Foreclosure Specialist from Portsmouth, New Hampshire

Feb 08 '13, 08:02 AM
1 vote


There’s so much good news in the real estate market today you’d think there was gold bullion falling from the heavens.

Read my new article "Is the Housing Recovery a Farce?" to see exactly why YOU should be a bit suspicious or confused too...

http://www.distressedpro.com/blog/housing-recovery-farce/



Will Barnard Moderator Donor

Real Estate Investor from Santa Clarita, California

Feb 08 '13, 08:12 AM
4 votes


This is exactly what The Norris Group has been saying for the last 6 months or so and the writing is on the wall for another bubble burst in a few years. Crazy, well, seems history loves to repeat itself and gree in government along with wall steet will crash the market yet another time.

Smells like more opportunity for us wise investors!



Medium_be_logoWill Barnard, Barnard Enterprises, Inc.
E-Mail: [email protected]
Website: http://www.barnardenterprises.com
http://www.InvestorExperts.com


Albert Hasson

Paradise Valley, Arizona

Feb 08 '13, 08:43 AM


I think the assumption in this article is that a new bubble is forming and when it bursts there will be a repeat of what we have experienced the last 5 years. Problem with that theory is the current batch of investors have paid cash or financed with significant cash down payment so the dynamics of any "bursting bubble" would be different and certainly much less severe than the last time. In my local Phoenix market avg. sales price per sq. ft is $110, up from a low of around $76 but far from the peak of $180. Investors have left my market to pursue opportunities elsewhere leaving mostly organic home buyers who have stepped in and picked up the slack. I expect our rate of rise in prices to slow down which I think is healthy.
There may be another bubble forming but doubt the "bursting" phase will be a catastrophic jolt to our economy like last time.



Tom Juhn

Highland, Indiana

Feb 08 '13, 08:46 AM


Albert,

Your theory would stand but the new crop of subprime and people using their houses like piggybanks more than outnumbers investors.



Chris Feltus

Residential Real Estate Agent from Fort Worth , Texas

Feb 08 '13, 09:00 AM
1 vote


@Brecht Palombo
Great topic for discussion Brecht.

I think a lot of people subscribe to the notion the housing market may be recovering right now. The problem is we don’t have an organic recovery. Many hedge funds such as Black Stone, Colony Capital etc. are coming in and buying SFR properties in the tens of thousands. With interest rates being kept artificially low by the Fed and cheap money its only fueling their speculation. The critical mistake they are making is you cannot effectively MANAGE properties in a excel spreadsheet. In my opinion, these hedge funds will lose their shirts in 5+ years, and many of the properties they picked up will come back on the market as distressed assets. However, this time many of these assets won’t be held by the government, but instead by private equity firms.

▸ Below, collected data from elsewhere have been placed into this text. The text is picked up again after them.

lemma consumed_mono: "i \<in> {1..n} \<Longrightarrow> t \<le> t' \<Longrightarrow> consumed (\<sigma> t) j i \<le> consumed (\<sigma> t') j i"
  by (rule lift_Suc_mono_le[of "\<lambda>t. consumed (\<sigma> t) j i"]) (simp_all add: consumed_Suc)

lemma sent_mono: "t \<le> t' \<Longrightarrow> sent (\<sigma> t) x k = Some v \<Longrightarrow> sent (\<sigma> t') x k = Some v"
proof (induction t' rule: dec_induct)
  case (step s)
  then show ?case by (cases s rule: step_cases) (auto intro: sent_trans[OF tlcr_inv_run])
qed simp

lemma sent_unique: "sent (\<sigma> t) x k = Some v \<Longrightarrow> sent (\<sigma> t') x k = Some v' \<Longrightarrow> v = v'"
  using sent_mono[of t "max t t'"] sent_mono[of t' "max t t'"] by fastforce

lemma cur_set_mono:
  "t \<le> t' \<Longrightarrow> len t' x = len t x \<Longrightarrow> cur_set (\<sigma> t) x \<subseteq> cur_set (\<sigma> t') x"
proof (induction t' rule: dec_induct)
  case (step s)
  have "len t x \<le> len s x" "len s x \<le> len (Suc s) x" using len_mono step.hyps by auto
  then have "len s x = len t x" and same: "len (Suc s) x = len s x" using step.prems by auto
  then have "cur_set (\<sigma> t) x \<subseteq> cur_set (\<sigma> s) x" using step.IH by simp
  also have "\<dots> \<subseteq> cur_set (\<sigma> (Suc s)) x"
  proof (cases s rule: step_cases)
    case (2 a)
    show ?thesis using cur_set_trans[OF tlcr_inv_run 2(2) same] .
  qed simp
  finally show ?case .
qed simp

section \<open>Liveness\<close>

lemma correct_not_crashed: "\<not> fails \<sigma> x \<Longrightarrow> \<not> crashed (\<sigma> t) x"
  by (auto simp: fails_def)
lemma has_field_derivative_snd_slice:
  assumes "(f has_derivative D) (at (z, w))" "\<forall>c u. D (cmul c u) = c * D u"
  shows "((\<lambda>w'. f (z, w')) has_field_derivative D (0,1)) (at w)"
proof -
  have "((\<lambda>w'. f (z, w')) has_derivative (\<lambda>h. D (0, h))) (at w)"
    using has_derivative_compose[OF has_derivative_Pair[OF has_derivative_const has_derivative_ident]
        assms(1)] by simp
  moreover have "(\<lambda>h. D (0, h)) = (*) (D (0,1))"
  proof
    fix h
    show "D (0, h) = D (0,1) * h"
      using linear_cmul_scalar_apply[OF has_derivative_linear[OF assms(1)] assms(2), of 0 h]
      by (simp add: mult.commute)
  qed
  ultimately show ?thesis by (simp add: has_field_derivative_def)
qed

lemma holo2_onE:
  assumes "holo2_on f S"
  obtains U where "open U" "S \<subseteq> U"
    "\<forall>q\<in>U. \<exists>D. (f has_derivative D) (at q) \<and> (\<forall>c u. D (cmul c u) = c * D u)"
  using assms unfolding holo2_on_def by (elim exE conjE) (rule that)

lemma holo2_on_derivative_cmul:
  assumes "holo2_on f S" "p \<in> S" "(f has_derivative D) (at p)"
  shows "\<forall>c u. D (cmul c u) = c * D u"
proof -
  obtain U where U: "S \<subseteq> U"
    "\<forall>q\<in>U. \<exists>D. (f has_derivative D) (at q) \<and> (\<forall>c u. D (cmul c u) = c * D u)"
    using assms(1) by (rule holo2_onE)
  then obtain D' where "(f has_derivative D') (at p)" "\<forall>c u. D' (cmul c u) = c * D' u"
    using assms(2) by blast
  then show ?thesis using has_derivative_unique[OF assms(3)] by simp
qed

lemma holo2_on_has_derivative:
  assumes "holo2_on f S" "p \<in> S"
  obtains D where "(f has_derivative D) (at p)" "\<forall>c u. D (cmul c u) = c * D u"
proof -
  obtain U where "S \<subseteq> U"
    "\<forall>q\<in>U. \<exists>D. (f has_derivative D) (at q) \<and> (\<forall>c u. D (cmul c u) = c * D u)"
    using assms(1) by (rule holo2_onE)
  then show ?thesis using assms(2) that by blast
qed

lemma holo2_on_subset: "holo2_on f S \<Longrightarrow> T \<subseteq> S \<Longrightarrow> holo2_on f T"
  unfolding holo2_on_def by (meson subset_trans)

lemma holo_map_onD:
  assumes "holo_map_on F S"
  shows "\<exists>U. open U \<and> S \<subseteq> U \<and> (\<forall>q\<in>U. \<exists>D. (F has_derivative D) (at q) \<and> cmul_linear D)"
proof -
  have holo_fst: "holo2_on (\<lambda>p. fst (F p)) S" and holo_snd: "holo2_on (\<lambda>p. snd (F p)) S"
    using assms unfolding holo_map_on_def by auto
  obtain U1 where U1: "open U1" "S \<subseteq> U1"
    and D1: "\<forall>q\<in>U1. \<exists>D. ((\<lambda>p. fst (F p)) has_derivative D) (at q) \<and> (\<forall>c u. D (cmul c u) = c * D u)"
    using holo_fst by (rule holo2_onE)
  obtain U2 where U2: "open U2" "S \<subseteq> U2"
    and D2: "\<forall>q\<in>U2. \<exists>D. ((\<lambda>p. snd (F p)) has_derivative D) (at q) \<and> (\<forall>c u. D (cmul c u) = c * D u)"
    using holo_snd by (rule holo2_onE)
  have "\<exists>D. (F has_derivative D) (at q) \<and> cmul_linear D" if q: "q \<in> U1 \<inter> U2" for q
  proof -
    obtain D1' where D1': "((\<lambda>p. fst (F p)) has_derivative D1') (at q)" "\<forall>c u. D1' (cmul c u) = c * D1' u"
      using D1 q by blast
    obtain D2' where D2': "((\<lambda>p. snd (F p)) has_derivative D2') (at q)" "\<forall>c u. D2' (cmul c u) = c * D2' u"
      using D2 q by blast
    have "(F has_derivative (\<lambda>u. (D1' u, D2' u))) (at q)"
      using has_derivative_Pair[OF D1'(1) D2'(1)] by simp
    moreover have "cmul_linear (\<lambda>u. (D1' u, D2' u))"
      unfolding cmul_linear_def
    proof (intro allI)
      fix c u
      have "D1' (cmul c u) = c * D1' u" "D2' (cmul c u) = c * D2' u"
        using D1'(2) D2'(2) by blast+
      then show "(D1' (cmul c u), D2' (cmul c u)) = cmul c (D1' u, D2' u)"
        by (simp only: cmul_Pair)
    qed
    ultimately show ?thesis by blast
  qed
  then show ?thesis
    using U1 U2 by (intro exI[of _ "U1 \<inter> U2"]) auto
qed

lemma holo_map_onI:
  assumes U: "open U" "S \<subseteq> U" "\<forall>q\<in>U. \<exists>D. (F has_derivative D) (at q) \<and> cmul_linear D"
  shows "holo_map_on F S"
proof -
  have fst_snd: "(\<exists>D. ((\<lambda>p. fst (F p)) has_derivative D) (at q) \<and> (\<forall>c u. D (cmul c u) = c * D u)) \<and>
        (\<exists>D. ((\<lambda>p. snd (F p)) has_derivative D) (at q) \<and> (\<forall>c u. D (cmul c u) = c * D u))"
    if q: "q \<in> U" for q
  proof -
    obtain D where D: "(F has_derivative D) (at q)" "cmul_linear D" using U(3) q by blast
    have "fst (D (cmul c u)) = c * fst (D u)" "snd (D (cmul c u)) = c * snd (D u)" for c u
      using D(2) unfolding cmul_linear_def cmul_def by simp_all
    then show ?thesis
      using has_derivative_fst[OF D(1)] has_derivative_snd[OF D(1)] by blast
  qed
  show ?thesis
    unfolding holo_map_on_def holo2_on_def
    by (intro conjI exI[of _ U]) (use U(1,2) fst_snd in auto)
qed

Housing Bubble 2.0, Real Estate is the opportunity.

There was a great video posted about this on yahoo that’s worth a watch on this precise topic.

http://finance.yahoo.com/blogs/daily-ticker/housing-bubble-2-0-david-stockman-133026817.html



Karen Margrave Moderator

Developer from Orange County, California

Feb 08 '13, 09:18 AM


This article I found through Builderonline ties into your thread.

http://www.businessinsider.com/two-very-different-us-housing-markets-2013-2

Here in Orange County, 8 builders are starting development on 11 different subdivisions, which will have over 900 homes once completed.

As they say "all real estate is local"



Medium_tmg2Karen Margrave, The Margrave Group
E-Mail: [email protected]
Telephone: 949-933-3955
Website: http://www.themargravegroup.com
Licensed Brokers & General Contractors R.E. Developers (Parlay Investments). Orange County CA


Joseph M

Real Estate Investor from Los Angeles, California

Feb 08 '13, 09:33 AM


Very interesting articles. I hadn't heard too much about the difference in the foreclosure processes before ...but it seems to make sense. Courts are notorious for taking forever to get things done.

I do think there will be more protections in place because many properties have been bought with cash..but I also heard that home equity loans will be making a big come back...what's to stop people from taking money out of their primary residences and investing in properties at the top of the market or to buy a second home?...

Also when you factor in that many funds are buying huge amounts of homes..what happens when one of them pulls an Lehman brothers type situation?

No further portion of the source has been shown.